Large predators often are believed to cause declines in hunter harvests of ungulates due to direct competition for prey with hunters. In Alberta, predators of elk (Cervus elaphus), including grizzly bear (Ursus arctos), cougar (Puma concolor), and wolf (Canis lupus), have increased in recent years. We used trend analysis replicated by Wildlife Management Unit (WMU) to examine regional trends in elk harvest and hunter success. Over a 26-yr period, average harvest of elk increased by 5.46% per year for unrestricted bull and by 6.64% per year for limited-quota seasons. Also, over the same time frame, average hunter success increased by 0.2% per year for unrestricted bull and by 0.3% per year for limited-quota seasons, but no trend was detected in hunter effort (P>0.05). Our results show that increasing large-predator populations do not necessarily reduce hunter harvest of elk, and we only found evidence for this in Alberta’s mountain WMUs where predation on elk calves has reduced recruitment.

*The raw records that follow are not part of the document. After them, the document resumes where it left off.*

lemma exists_integral_normal:
  fixes S :: "(real^'n) set"
  assumes "dim S = CARD('n) - 1" and "\<forall>x\<in>S. integral_vec x"
  shows "\<exists>n. integral_vec n \<and> n \<noteq> 0 \<and> (\<forall>x\<in>S. n \<bullet> x = 0)"
proof -
  obtain B where B: "B \<subseteq> S" "independent B" "S \<subseteq> span B" "card B = CARD('n) - 1"
    using basis_exists[of S] assms(1) by metis
  fix k :: 'n
  have "card (UNIV - {k}) = card B" by (simp add: card_Diff_singleton B(4))
  then obtain g where g: "bij_betw g (UNIV - {k}) B"
    using finite_same_card_bij[of "UNIV - {k}" B] finiteI_independent[OF B(2)] by auto
  \<comment> \<open>n is the vector of cofactors along row k of a matrix whose other rows enumerate B.\<close>
  define R where "R w = (\<chi> i. if i = k then w else g i)" for w :: "real^'n"
  define n where "n = (\<chi> j. det (R (axis j 1)))"
  have det_R: "det (R w) = n \<bullet> w" for w
    unfolding R_def n_def by (rule det_replace_row_eq_inner)
  have gB: "g i \<in> B" if "i \<noteq> k" for i
    using g that by (auto simp: bij_betw_def)
  have "R (axis j 1) $ i $ l \<in> \<int>" for i j l
    using gB B(1) assms(2) by (cases "i = k") (auto simp: R_def axis_def integral_vec_def)
  then have "integral_vec n"
    by (simp add: integral_vec_def n_def det_Ints)
  moreover have "n \<bullet> b = 0" if "b \<in> B" for b
  proof -
    obtain i where i: "i \<noteq> k" "b = g i" using g \<open>b \<in> B\<close> by (auto simp: bij_betw_def)
    have "det (R b) = 0"
      by (rule det_identical_rows[of k i]) (use i in \<open>simp_all add: row_def R_def\<close>)
    then show ?thesis by (simp add: det_R)
  qed
  then have "\<forall>x\<in>S. n \<bullet> x = 0"
    using B(3) orthogonal_to_span[of _ B n] by (auto simp: orthogonal_def)
  moreover have "span B \<noteq> UNIV"
  proof
    assume "span B = UNIV"
    then have "dim B = CARD('n)" using dim_span[of B] by simp
    moreover have "0 < CARD('n)" by (simp add: finite_UNIV_card_ge_0)
    ultimately show False
      using dim_eq_card_independent[OF B(2)] B(4) by linarith
  qed
  then obtain w where "w \<notin> span B" by auto
  then have "n \<noteq> 0"
    using det_replace_row_nonzero[OF g B(2)] det_R[of w] by (auto simp: R_def)
  ultimately show ?thesis by blast
qed

lemma orthogonal_to_hyperplane_parallel:
  fixes u v :: "'a::euclidean_space"
  assumes "dim S = DIM('a) - 1" "u \<noteq> 0" "\<forall>x\<in>S. u \<bullet> x = 0" "\<forall>x\<in>S. v \<bullet> x = 0"
  shows "v = ((v \<bullet> u) / (u \<bullet> u)) *\<^sub>R u"
proof (rule ccontr)
  define w where "w = v - ((v \<bullet> u) / (u \<bullet> u)) *\<^sub>R u"
  assume "\<not> ?thesis"
  then have "w \<noteq> 0" by (simp add: w_def)
  define W where "W = {y. \<forall>x\<in>span S. orthogonal x y}"
  have "dim W + dim (span S) = DIM('a)"
    using dim_subspace_orthogonal_to_vectors[of "span S" UNIV] by (simp add: W_def)
  then have dim_W: "dim W = 1"
    using assms(1) DIM_positive[where 'a='a] by (simp only: dim_span)
  have orth_W: "y \<in> W" if "\<forall>x\<in>S. y \<bullet> x = 0" for y
    using that orthogonal_to_span[of _ S y] by (auto simp: W_def orthogonal_def inner_commute)
  have "u \<in> W" "w \<in> W"
    using assms(3,4) by (auto intro!: orth_W simp: w_def inner_diff_left)
  moreover have "u \<bullet> w = 0"
    using assms(2) by (simp add: w_def inner_diff_right inner_commute)
  then have "independent {u, w}"
    using assms(2) \<open>w \<noteq> 0\<close>
    by (intro pairwise_orthogonal_independent) (auto simp: pairwise_def orthogonal_def inner_commute)
  moreover have "u \<noteq> w"
    using \<open>u \<bullet> w = 0\<close> assms(2) by auto
  ultimately show False
    using independent_card_le_dim[of "{u, w}" W] dim_W by simp
qed

lemma polyhedron_separating_facet:
  fixes P :: "'a::euclidean_space set"
  assumes "polyhedron P" "interior P \<noteq> {}" "p \<notin> P"
  obtains A b where "A \<noteq> 0" "P \<subseteq> {x. A \<bullet> x \<le> b}" "b < A \<bullet> p"
    "P \<inter> {x. A \<bullet> x = b} facet_of P"
proof -
  obtain F where "finite F" and P_eq: "P = affine hull P \<inter> \<Inter>F"
    and halfspaces: "\<And>h. h \<in> F \<Longrightarrow> \<exists>a b. a \<noteq> 0 \<and> h = {x. a \<bullet> x \<le> b}"
    and minimal: "\<And>F'. F' \<subset> F \<Longrightarrow> P \<subset> affine hull P \<inter> \<Inter>F'"
    using assms(1) by (simp add: polyhedron_Int_affine_minimal) meson
  then obtain a b where ab: "\<And>h. h \<in> F \<Longrightarrow> a h \<noteq> 0 \<and> h = {x. a h \<bullet> x \<le> b h}"
    by metis
  have "affine hull P = UNIV"
    using assms(2) by (rule affine_hull_nonempty_interior)
  then obtain h where "h \<in> F" "p \<notin> h"
    using assms(3) P_eq by auto
  show thesis
  proof
    show "a h \<noteq> 0" "b h < a h \<bullet> p"
      using ab[OF \<open>h \<in> F\<close>] \<open>p \<notin> h\<close> by auto
    show "P \<subseteq> {x. a h \<bullet> x \<le> b h}"
      using P_eq ab[OF \<open>h \<in> F\<close>] \<open>h \<in> F\<close> by blast
    show "P \<inter> {x. a h \<bullet> x = b h} facet_of P"
      using facet_of_polyhedron_explicit[OF \<open>finite F\<close> P_eq ab minimal] \<open>h \<in> F\<close> by blast
  qed
qed

lemma lattice_polytope_imp_polytope: "lattice_polytope P \<Longrightarrow> polytope P"
  by (auto simp: lattice_polytope_def polytope_convex_hull)

lemma lattice_polytope_face:
  assumes "lattice_polytope P" "C face_of P"
  shows "lattice_polytope C"
proof -
  obtain S where S: "finite S" "\<forall>x\<in>S. integral_vec x" "P = convex hull S"
    using assms(1) unfolding lattice_polytope_def by blast
  then obtain T where "T \<subseteq> S" "C = convex hull T"
    using face_of_convex_hull_subset[of S C] assms(2) finite_imp_compact by metis
  then show ?thesis
    unfolding lattice_polytope_def using S finite_subset by blast
qed

lemma lattice_hyperplane_primitive_normal:
  fixes C :: "(real^'n) set"
  assumes "lattice_polytope C" "aff_dim C = int CARD('n) - 1"
    and "A \<noteq> 0" "C \<subseteq> {x. A \<bullet> x = b}"
  obtains m c where "primitive_vec m" "c > 0" "m = c *\<^sub>R A"
proof -
  obtain T where T: "finite T" "\<forall>x\<in>T. integral_vec x" "C = convex hull T"
    using assms(1) unfolding lattice_polytope_def by blast
  have "C \<noteq> {}"
    using assms(2) by (auto simp: finite_UNIV_card_ge_0)
  then obtain t0 where t0: "t0 \<in> T" using T(3) by auto
  define D where "D = (+) (- t0) ` T"
  have "aff_dim T = int (dim D)"
    unfolding D_def by (rule aff_dim_eq_dim) (rule hull_inc[OF t0])
  then have "int (dim D) = int CARD('n) - 1"
    using assms(2) T(3) by (simp add: aff_dim_convex_hull)
  then have dim_D: "dim D = CARD('n) - 1" by arith
  have "\<forall>d\<in>D. integral_vec d"
    using T(2) t0 by (auto simp: D_def integral_vec_diff)
  then obtain n where n: "integral_vec n" "n \<noteq> 0" "\<forall>d\<in>D. n \<bullet> d = 0"
    using exists_integral_normal[OF dim_D] by blast
  have "A \<bullet> t = b" if "t \<in> T" for t
    using assms(4) T(3) hull_subset[of T convex] that by blast
  then have "\<forall>d\<in>D. A \<bullet> d = 0"
    using t0 by (simp add: D_def inner_diff_right)
  then have "n = ((n \<bullet> A) / (A \<bullet> A)) *\<^sub>R A"
    using orthogonal_to_hyperplane_parallel[of D A n] dim_D assms(3) n(3) by simp
  then show thesis
    using primitive_vec_positive_multiple[of "(n \<bullet> A) / (A \<bullet> A)" A] n(1,2) that by metis
qed

lemma lattice_polytope_separating_facet:
  fixes P :: "(real^'n) set"
  assumes "lattice_polytope P" "interior P \<noteq> {}" "p \<notin> P"
  obtains C m \<beta> where "C facet_of P" "primitive_inner_normal P C m" "\<beta> \<in> \<int>"
    "\<forall>y\<in>C. m \<bullet> y = \<beta>" "\<forall>x\<in>P. \<beta> \<le> m \<bullet> x" "m \<bullet> p < \<beta>"
proof -
  have "polyhedron P"
    using assms(1) by (simp add: lattice_polytope_imp_polytope polytope_imp_polyhedron)
  then obtain A b where A: "A \<noteq> 0" "P \<subseteq> {x. A \<bullet> x \<le> b}" "b < A \<bullet> p"
    and facet: "P \<inter> {x. A \<bullet> x = b} facet_of P"
    using polyhedron_separating_facet[OF _ assms(2,3)] by blast
  define C where "C = P \<inter> {x. A \<bullet> x = b}"
  have lattice_C: "lattice_polytope C"
    using lattice_polytope_face[OF assms(1) facet_of_imp_face_of[OF facet]] by (simp add: C_def)
  have "aff_dim C = int CARD('n) - 1"
    using facet aff_dim_nonempty_interior[OF assms(2)] by (simp add: C_def facet_of_def)
  moreover have "- A \<noteq> 0" using A(1) by simp
  moreover have "C \<subseteq> {x. (- A) \<bullet> x = - b}" by (auto simp: C_def)
  ultimately obtain m c where m: "primitive_vec m" "c > 0" "m = c *\<^sub>R (- A)"
    using lattice_hyperplane_primitive_normal[OF lattice_C] by blast
  define \<beta> where "\<beta> = - c * b"
  have on_C: "\<forall>y\<in>C. m \<bullet> y = \<beta>" by (simp add: C_def \<beta>_def m(3))
  have on_P: "\<forall>x\<in>P. \<beta> \<le> m \<bullet> x"
  proof
    fix x assume "x \<in> P"
    then have "c * (A \<bullet> x) \<le> c * b" using A(2) m(2) by (auto intro: mult_left_mono)
    then show "\<beta> \<le> m \<bullet> x" by (simp add: \<beta>_def m(3))
  qed
  have "c * b < c * (A \<bullet> p)" using A(3) m(2) by simp
  then have below: "m \<bullet> p < \<beta>" by (simp add: \<beta>_def m(3))
  have "\<beta> \<in> \<int>"
  proof -
    obtain T where T: "\<forall>x\<in>T. integral_vec x" "C = convex hull T"
      using lattice_C unfolding lattice_polytope_def by blast
    then obtain t where "t \<in> T" using facet by (auto simp: C_def facet_of_def)
    then have "\<beta> = m \<bullet> t" using on_C T(2) by (simp add: hull_inc)
    then show ?thesis
      using m(1) T(1) \<open>t \<in> T\<close> by (simp add: primitive_vec_def inner_integral_vec_Ints)
  qed
  moreover have "primitive_inner_normal P C m"
    using m(1) on_C on_P by (simp add: primitive_inner_normal_def)
  ultimately show thesis
    using that facet[folded C_def] on_C on_P below by blast
qed

section \<open>Floor and remainder polytopes\<close>

lemma compact_floor_polytope:
  fixes Q :: "(real^'n) set"
  assumes "bounded Q"
  shows "compact (floor_polytope Q)"
  unfolding floor_polytope_def
  using assms bounded_interior finite_integral_vec_bounded
  by (blast intro: finite_imp_compact_convex_hull)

Furthermore, data indicate that Alberta’s elk harvest management has been sustainable, i.e., hunting has continued while populations of elk have increased throughout most of the province. Wildlife agencies can justify commitments to long-term population monitoring because data allow adaptive management and can inform stakeholders on the status of populations.

Introduction

Elk (Cervus elaphus) are an important big game species in Alberta, Canada. After being nearly extirpated from the province 100 years ago, elk populations have been restored through translocations and harvest management. Despite their importance, elk populations are infrequently monitored. Like several other jurisdictions in western North America, elk population monitoring in Alberta has been done predominately by aerial surveys [1]. Because the cost of aerial monitoring is high, aerial surveys in Alberta are conducted infrequently, typically only once every 10 years [2]. Nearly 80% of wildlife agencies across Canada and the United States collect data on harvest [3]. However, in many jurisdictions these data are insufficiently analyzed to permit agencies to evaluate the efficacy of their management [4].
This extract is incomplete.